## Exercise directions
Among the entries below, one line contains "using orthogonal_sum_second_moment[OF meas" and another contains "using int[of 0 4] bnd". Transcribe those two lines and every line between them, exactly.
═════ Entries provided
lemma integrable_partial_sum_power_mult:
  fixes \<xi> :: "nat \<Rightarrow> 'a \<Rightarrow> real"
  assumes meas: "\<And>n. \<xi> n \<in> borel_measurable M" and bnd: "AE x in M. \<forall>n. \<bar>\<xi> n x\<bar> \<le> C"
  shows "integrable M (\<lambda>x. (\<Sum>u<n. \<xi> u x) ^ k * \<xi> n x ^ m)"
proof (rule integrable_const_bound[where B = "(real n * C) ^ k * C ^ m"])
  show "AE x in M. norm ((\<Sum>u<n. \<xi> u x) ^ k * \<xi> n x ^ m) \<le> (real n * C) ^ k * C ^ m"
    using bnd
  proof eventually_elim
    case (elim x)
    then have "0 \<le> C" by (meson abs_ge_zero order_trans)
    have "\<bar>\<Sum>u<n. \<xi> u x\<bar> \<le> (\<Sum>u<n. \<bar>\<xi> u x\<bar>)" by (rule sum_abs)
    also have "\<dots> \<le> (\<Sum>u<n. C)" by (intro sum_mono) (use elim in auto)
    finally have "\<bar>\<Sum>u<n. \<xi> u x\<bar> \<le> real n * C" by simp
    then show ?case
      using elim \<open>0 \<le> C\<close> by (simp add: abs_mult power_abs mult_mono power_mono)
  qed
qed (use meas in measurable)

lemma orthogonal_sum_second_moment:
  fixes \<xi> :: "nat \<Rightarrow> 'a \<Rightarrow> real"
  assumes meas: "\<And>n. \<xi> n \<in> borel_measurable M" and bnd: "AE x in M. \<forall>n. \<bar>\<xi> n x\<bar> \<le> C"
    and orth: "\<And>n. integral\<^sup>L M (\<lambda>x. (\<Sum>u<n. \<xi> u x) * \<xi> n x) = 0"
  shows "integral\<^sup>L M (\<lambda>x. (\<Sum>u<n. \<xi> u x)\<^sup>2) \<le> real n * C\<^sup>2"
proof (induction n)
  case (Suc n)
  define S where "S x = (\<Sum>u<n. \<xi> u x)" for x
  note int = integrable_partial_sum_power_mult[OF meas bnd, of n, folded S_def]
  have "integral\<^sup>L M (\<lambda>x. (\<Sum>u<Suc n. \<xi> u x)\<^sup>2)
      = integral\<^sup>L M (\<lambda>x. S x ^ 2 * \<xi> n x ^ 0 + 2 * (S x ^ 1 * \<xi> n x ^ 1) + S x ^ 0 * \<xi> n x ^ 2)"
    by (simp add: S_def power2_eq_square algebra_simps)
  also have "\<dots> = integral\<^sup>L M (\<lambda>x. S x ^ 2) + 2 * integral\<^sup>L M (\<lambda>x. S x * \<xi> n x)
      + integral\<^sup>L M (\<lambda>x. \<xi> n x ^ 2)"
    using int[of 2 0] int[of 1 1] int[of 0 2] by simp
  also have "integral\<^sup>L M (\<lambda>x. S x * \<xi> n x) = 0" using orth[of n] by (simp add: S_def)
  also have "integral\<^sup>L M (\<lambda>x. \<xi> n x ^ 2) \<le> integral\<^sup>L M (\<lambda>x. C\<^sup>2)"
    using int[of 0 2] bnd
    by (intro integral_mono_AE) (auto elim!: eventually_mono intro!: power_le_power_if_abs_le)
  finally show ?case using Suc by (simp add: S_def prob_space algebra_simps)
qed simp

lemma orthogonal_sum_fourth_moment:
  fixes \<xi> :: "nat \<Rightarrow> 'a \<Rightarrow> real"
  assumes meas: "\<And>n. \<xi> n \<in> borel_measurable M" and bnd: "AE x in M. \<forall>n. \<bar>\<xi> n x\<bar> \<le> C"
    and orth1: "\<And>n. integral\<^sup>L M (\<lambda>x. (\<Sum>u<n. \<xi> u x) * \<xi> n x) = 0"
    and orth3: "\<And>n. integral\<^sup>L M (\<lambda>x. (\<Sum>u<n. \<xi> u x) ^ 3 * \<xi> n x) = 0"
  shows "integral\<^sup>L M (\<lambda>x. (\<Sum>u<n. \<xi> u x) ^ 4) \<le> 11 * C ^ 4 * (real n)\<^sup>2"
proof (induction n)
  case (Suc n)
  define S where "S x = (\<Sum>u<n. \<xi> u x)" for x
  note int = integrable_partial_sum_power_mult[OF meas bnd, of n, folded S_def]
  have C: "0 \<le> C" using bnd by (rule AE_bound_nonneg[OF AE_mp]) auto
  have S: "AE x in M. \<bar>S x\<bar> \<le> real n * C" using bnd
  proof eventually_elim
    case (elim x)
    have "\<bar>S x\<bar> \<le> (\<Sum>u<n. \<bar>\<xi> u x\<bar>)" unfolding S_def by (rule sum_abs)
    also have "\<dots> \<le> (\<Sum>u<n. C)" by (intro sum_mono) (use elim in auto)
    finally show ?case by simp
  qed
  have "integral\<^sup>L M (\<lambda>x. (\<Sum>u<Suc n. \<xi> u x) ^ 4) = integral\<^sup>L M (\<lambda>x.
      S x ^ 4 * \<xi> n x ^ 0 + 4 * (S x ^ 3 * \<xi> n x ^ 1) + 6 * (S x ^ 2 * \<xi> n x ^ 2)
      + 4 * (S x ^ 1 * \<xi> n x ^ 3) + S x ^ 0 * \<xi> n x ^ 4)"
    by (rule Bochner_Integration.integral_cong)
       (simp_all add: S_def power2_eq_square power3_eq_cube power4_eq_xxxx algebra_simps)
  also have "\<dots> = integral\<^sup>L M (\<lambda>x. S x ^ 4) + 4 * integral\<^sup>L M (\<lambda>x. S x ^ 3 * \<xi> n x)
      + 6 * integral\<^sup>L M (\<lambda>x. S x ^ 2 * \<xi> n x ^ 2) + 4 * integral\<^sup>L M (\<lambda>x. S x * \<xi> n x ^ 3)
      + integral\<^sup>L M (\<lambda>x. \<xi> n x ^ 4)"
    using int[of 4 0] int[of 3 1] int[of 2 2] int[of 1 3] int[of 0 4] by simp
  also have "integral\<^sup>L M (\<lambda>x. S x ^ 3 * \<xi> n x) = 0" using orth3[of n] by (simp add: S_def)
  also have "integral\<^sup>L M (\<lambda>x. S x ^ 2 * \<xi> n x ^ 2) \<le> integral\<^sup>L M (\<lambda>x. C\<^sup>2 * S x ^ 2)"
  proof (intro integral_mono_AE)
    show "AE x in M. S x ^ 2 * \<xi> n x ^ 2 \<le> C\<^sup>2 * S x ^ 2" using bnd
    proof eventually_elim
      case (elim x)
      have "\<xi> n x ^ 2 \<le> C ^ 2" using elim by (intro power_le_power_if_abs_le) auto
      then have "S x ^ 2 * \<xi> n x ^ 2 \<le> S x ^ 2 * C ^ 2" by (intro mult_left_mono) auto
      then show ?case by (simp add: mult.commute)
    qed
  qed (use int[of 2 2] int[of 2 0] in simp_all)
  also have "\<dots> \<le> C\<^sup>2 * (real n * C\<^sup>2)"
    using orthogonal_sum_second_moment[OF meas bnd orth1, of n] by (simp add: S_def mult_left_mono)
  also have "integral\<^sup>L M (\<lambda>x. S x * \<xi> n x ^ 3) \<le> integral\<^sup>L M (\<lambda>x. real n * C * C ^ 3)"
  proof (intro integral_mono_AE)
    show "AE x in M. S x * \<xi> n x ^ 3 \<le> real n * C * C ^ 3" using S bnd
    proof eventually_elim
      case (elim x)
      then have "\<bar>S x * \<xi> n x ^ 3\<bar> \<le> real n * C * C ^ 3"
        using C unfolding abs_mult power_abs by (intro mult_mono power_mono) auto
      then show ?case by simp
    qed
  qed (use int[of 1 3] in simp_all)
  also have "integral\<^sup>L M (\<lambda>x. \<xi> n x ^ 4) \<le> integral\<^sup>L M (\<lambda>x. C ^ 4)"
    using int[of 0 4] bnd
    by (intro integral_mono_AE) (auto elim!: eventually_mono intro!: power_le_power_if_abs_le)
  finally have "integral\<^sup>L M (\<lambda>x. (\<Sum>u<Suc n. \<xi> u x) ^ 4)
      \<le> integral\<^sup>L M (\<lambda>x. S x ^ 4) + (6 * (C\<^sup>2 * (real n * C\<^sup>2)) + 4 * (real n * C * C ^ 3)) + C ^ 4"
    by (simp add: prob_space)
  also have "6 * (C\<^sup>2 * (real n * C\<^sup>2)) + 4 * (real n * C * C ^ 3) = 10 * C ^ 4 * real n"
    by (simp add: power2_eq_square power3_eq_cube power4_eq_xxxx algebra_simps)
  finally have step: "integral\<^sup>L M (\<lambda>x. (\<Sum>u<Suc n. \<xi> u x) ^ 4)
      \<le> integral\<^sup>L M (\<lambda>x. S x ^ 4) + 10 * C ^ 4 * real n + C ^ 4" .
  have "integral\<^sup>L M (\<lambda>x. S x ^ 4) \<le> 11 * C ^ 4 * (real n)\<^sup>2"
    using Suc.IH by (simp add: S_def)
  moreover have "11 * C ^ 4 * (real n)\<^sup>2 + 10 * C ^ 4 * real n + C ^ 4 \<le> 11 * C ^ 4 * (real (Suc n))\<^sup>2"
    using C by (simp add: power2_eq_square algebra_simps)
  ultimately show ?case using step by linarith
qed simp

lemma orthogonal_sum_strong_law:
  fixes \<xi> :: "nat \<Rightarrow> 'a \<Rightarrow> real"
  assumes meas: "\<And>n. \<xi> n \<in> borel_measurable M" and bnd: "AE x in M. \<forall>n. \<bar>\<xi> n x\<bar> \<le> C"
    and orth1: "\<And>n. integral\<^sup>L M (\<lambda>x. (\<Sum>u<n. \<xi> u x) * \<xi> n x) = 0"
    and orth3: "\<And>n. integral\<^sup>L M (\<lambda>x. (\<Sum>u<n. \<xi> u x) ^ 3 * \<xi> n x) = 0"
  shows "AE x in M. (\<lambda>n. (\<Sum>u<n. \<xi> u x) / real n) \<longlonglongrightarrow> 0"
proof -
  define Z where "Z = (\<lambda>n x. ((\<Sum>u<n. \<xi> u x) / real n) ^ 4)"
  have int: "integrable M (Z n)" for n
    using integrable_partial_sum_power_mult[OF meas bnd, of n 4 0]
    unfolding Z_def power_divide by (intro integrable_divide) simp
  have EZ: "integral\<^sup>L M (Z n) \<le> 11 * C ^ 4 * inverse ((real n)\<^sup>2)" for n
  proof (cases "n = 0")
    case False
    have "integral\<^sup>L M (Z n) = integral\<^sup>L M (\<lambda>x. (\<Sum>u<n. \<xi> u x) ^ 4) / real n ^ 4"
      by (simp add: Z_def power_divide)
    also have "\<dots> \<le> 11 * C ^ 4 * (real n)\<^sup>2 / real n ^ 4"
      by (intro divide_right_mono orthogonal_sum_fourth_moment[OF meas bnd orth1 orth3]) simp
    also have "\<dots> = 11 * C ^ 4 * inverse ((real n)\<^sup>2)"
      using False by (simp add: field_simps power2_eq_square power4_eq_xxxx)
    finally show ?thesis .
  qed (simp add: Z_def)
  have "summable (\<lambda>n. 11 * C ^ 4 * inverse ((real n)\<^sup>2))"
    by (intro summable_mult inverse_power_summable) simp
  then have "summable (\<lambda>n. integral\<^sup>L M (Z n))"
    by (rule summable_comparison_test') (use EZ in \<open>simp add: Z_def\<close>)
  then have "AE x in M. (\<lambda>n. Z n x) \<longlonglongrightarrow> 0"
    by (intro AE_tendsto_zero_if_summable_integral int) (simp add: Z_def)
  then show ?thesis
  proof eventually_elim
    case (elim x)
    then have "(\<lambda>n. root 4 (Z n x)) \<longlonglongrightarrow> root 4 0" by (intro tendsto_real_root) auto
    moreover have "root 4 (Z n x) = \<bar>(\<Sum>u<n. \<xi> u x) / real n\<bar>" for n
    proof -
      have "Z n x = \<bar>(\<Sum>u<n. \<xi> u x) / real n\<bar> ^ 4" by (simp add: Z_def power_divide power_even_abs)
      then show ?thesis by (simp add: real_root_power_cancel)
    qed
    ultimately have "(\<lambda>n. \<bar>(\<Sum>u<n. \<xi> u x) / real n\<bar>) \<longlonglongrightarrow> 0" by simp
    then show ?case by (rule tendsto_rabs_zero_cancel)
  qed
qed

lemma integral_mult_eq_cond_exp_const:
  fixes h f :: "'a \<Rightarrow> real"
  assumes F: "sigma_finite_subalgebra M F"
    and h: "h \<in> borel_measurable F" "AE x in M. \<bar>h x\<bar> \<le> Bh"
    and f: "f \<in> borel_measurable M" "AE x in M. \<bar>f x\<bar> \<le> Bf"
    and cond_exp: "AE x in M. real_cond_exp M F f x = c"
  shows "integral\<^sup>L M (\<lambda>x. h x * f x) = c * integral\<^sup>L M h"
proof -
  have [measurable]: "h \<in> borel_measurable M"
    using measurable_from_subalg[OF sigma_finite_subalgebra.subalg[OF F] h(1)] .
  have "AE x in M. norm (h x * f x) \<le> Bh * Bf"
    using h(2) f(2) by eventually_elim (auto simp: abs_mult intro!: mult_mono)
  then have "integrable M (\<lambda>x. h x * f x)"
    by (rule integrable_const_bound) (use f(1) in measurable)
  then have "integral\<^sup>L M (\<lambda>x. h x * f x) = integral\<^sup>L M (\<lambda>x. h x * real_cond_exp M F f x)"
    using sigma_finite_subalgebra.real_cond_exp_intg(2)[OF F _ h(1) f(1)] by simp
  also have "\<dots> = integral\<^sup>L M (\<lambda>x. h x * c)"
    by (rule integral_cong_AE) (use cond_exp in auto)
  finally show ?thesis by simp
qed

lemma predictable_strong_law:
  fixes F :: "int \<Rightarrow> 'a measure" and \<tau> :: "nat \<Rightarrow> int"
    and \<zeta> :: "int \<Rightarrow> 'a \<Rightarrow> real" and g :: "nat \<Rightarrow> 'a \<Rightarrow> real"
  assumes F: "\<And>t. subalgebra M (F t)"
    and F_mono: "\<And>s t (f :: 'a \<Rightarrow> real). s \<le> t \<Longrightarrow> f \<in> borel_measurable (F s) \<Longrightarrow> f \<in> borel_measurable (F t)"
    and \<tau>: "strict_mono \<tau>"
    and \<zeta>_meas: "\<And>t. \<zeta> t \<in> borel_measurable (F t)" and \<zeta>_bnd: "AE x in M. \<forall>t. \<bar>\<zeta> t x\<bar> \<le> B"
    and \<zeta>_orth: "\<And>t h Bh. h \<in> borel_measurable (F (t - 1)) \<Longrightarrow> (AE x in M. \<bar>h x\<bar> \<le> Bh)
              \<Longrightarrow> integral\<^sup>L M (\<lambda>x. h x * \<zeta> t x) = 0"
    and g_meas: "\<And>n. g n \<in> borel_measurable (F (\<tau> n - 1))" and g_bnd: "AE x in M. \<forall>n. \<bar>g n x\<bar> \<le> Bg"
  shows "AE x in M. (\<lambda>n. (\<Sum>u<n. g u x * \<zeta> (\<tau> u) x) / real n) \<longlonglongrightarrow> 0"
proof -
  define \<xi> where "\<xi> u x = g u x * \<zeta> (\<tau> u) x" for u x
  have \<xi>_meas: "\<xi> u \<in> borel_measurable (F (\<tau> n - 1))" if "u < n" for u n
  proof -
    have "g u \<in> borel_measurable (F (\<tau> u))" using F_mono[OF _ g_meas] by simp
    then have "\<xi> u \<in> borel_measurable (F (\<tau> u))" unfolding \<xi>_def using \<zeta>_meas by measurable
    moreover have "\<tau> u \<le> \<tau> n - 1" using \<tau> that by (simp add: strict_mono_less)
    ultimately show ?thesis by (rule F_mono[rotated])
  qed
  have \<xi>_bnd: "AE x in M. \<forall>u. \<bar>\<xi> u x\<bar> \<le> Bg * B"
    using g_bnd \<zeta>_bnd by eventually_elim (auto simp: \<xi>_def abs_mult intro!: mult_mono)
  have S_bnd: "AE x in M. \<bar>\<Sum>u<n. \<xi> u x\<bar> \<le> real n * (Bg * B)" for n
    using \<xi>_bnd
  proof eventually_elim
    case (elim x)
    have "\<bar>\<Sum>u<n. \<xi> u x\<bar> \<le> (\<Sum>u<n. \<bar>\<xi> u x\<bar>)" by (rule sum_abs)
    also have "\<dots> \<le> (\<Sum>u<n. Bg * B)" by (intro sum_mono) (use elim in auto)
    finally show ?case by simp
  qed
  have orth: "integral\<^sup>L M (\<lambda>x. (\<Sum>u<n. \<xi> u x) ^ k * \<xi> n x) = 0" for n k
  proof -
    have "(\<lambda>x. (\<Sum>u<n. \<xi> u x) ^ k * g n x) \<in> borel_measurable (F (\<tau> n - 1))"
      by (intro borel_measurable_times borel_measurable_power borel_measurable_sum \<xi>_meas g_meas) simp
    moreover have "AE x in M. \<bar>(\<Sum>u<n. \<xi> u x) ^ k * g n x\<bar> \<le> (real n * (Bg * B)) ^ k * Bg"
      using S_bnd[of n] g_bnd
      by eventually_elim (auto simp: abs_mult power_abs intro!: mult_mono power_mono)
    ultimately have "integral\<^sup>L M (\<lambda>x. ((\<Sum>u<n. \<xi> u x) ^ k * g n x) * \<zeta> (\<tau> n) x) = 0"
      by (rule \<zeta>_orth)
    then show ?thesis by (simp add: \<xi>_def mult.assoc)
  qed
  have "\<xi> u \<in> borel_measurable M" for u
    using measurable_from_subalg[OF F \<xi>_meas[of u "Suc u"]] by simp
  from orthogonal_sum_strong_law[OF this \<xi>_bnd orth[of _ 1, unfolded power_one_right] orth] show ?thesis
    unfolding \<xi>_def .
qed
══════════
## Your solution
    using orthogonal_sum_second_moment[OF meas bnd orth1, of n] by (simp add: S_def mult_left_mono)
  also have "integral\<^sup>L M (\<lambda>x. S x * \<xi> n x ^ 3) \<le> integral\<^sup>L M (\<lambda>x. real n * C * C ^ 3)"
  proof (intro integral_mono_AE)
    show "AE x in M. S x * \<xi> n x ^ 3 \<le> real n * C * C ^ 3" using S bnd
    proof eventually_elim
      case (elim x)
      then have "\<bar>S x * \<xi> n x ^ 3\<bar> \<le> real n * C * C ^ 3"
        using C unfolding abs_mult power_abs by (intro mult_mono power_mono) auto
      then show ?case by simp
    qed
  qed (use int[of 1 3] in simp_all)
  also have "integral\<^sup>L M (\<lambda>x. \<xi> n x ^ 4) \<le> integral\<^sup>L M (\<lambda>x. C ^ 4)"
    using int[of 0 4] bnd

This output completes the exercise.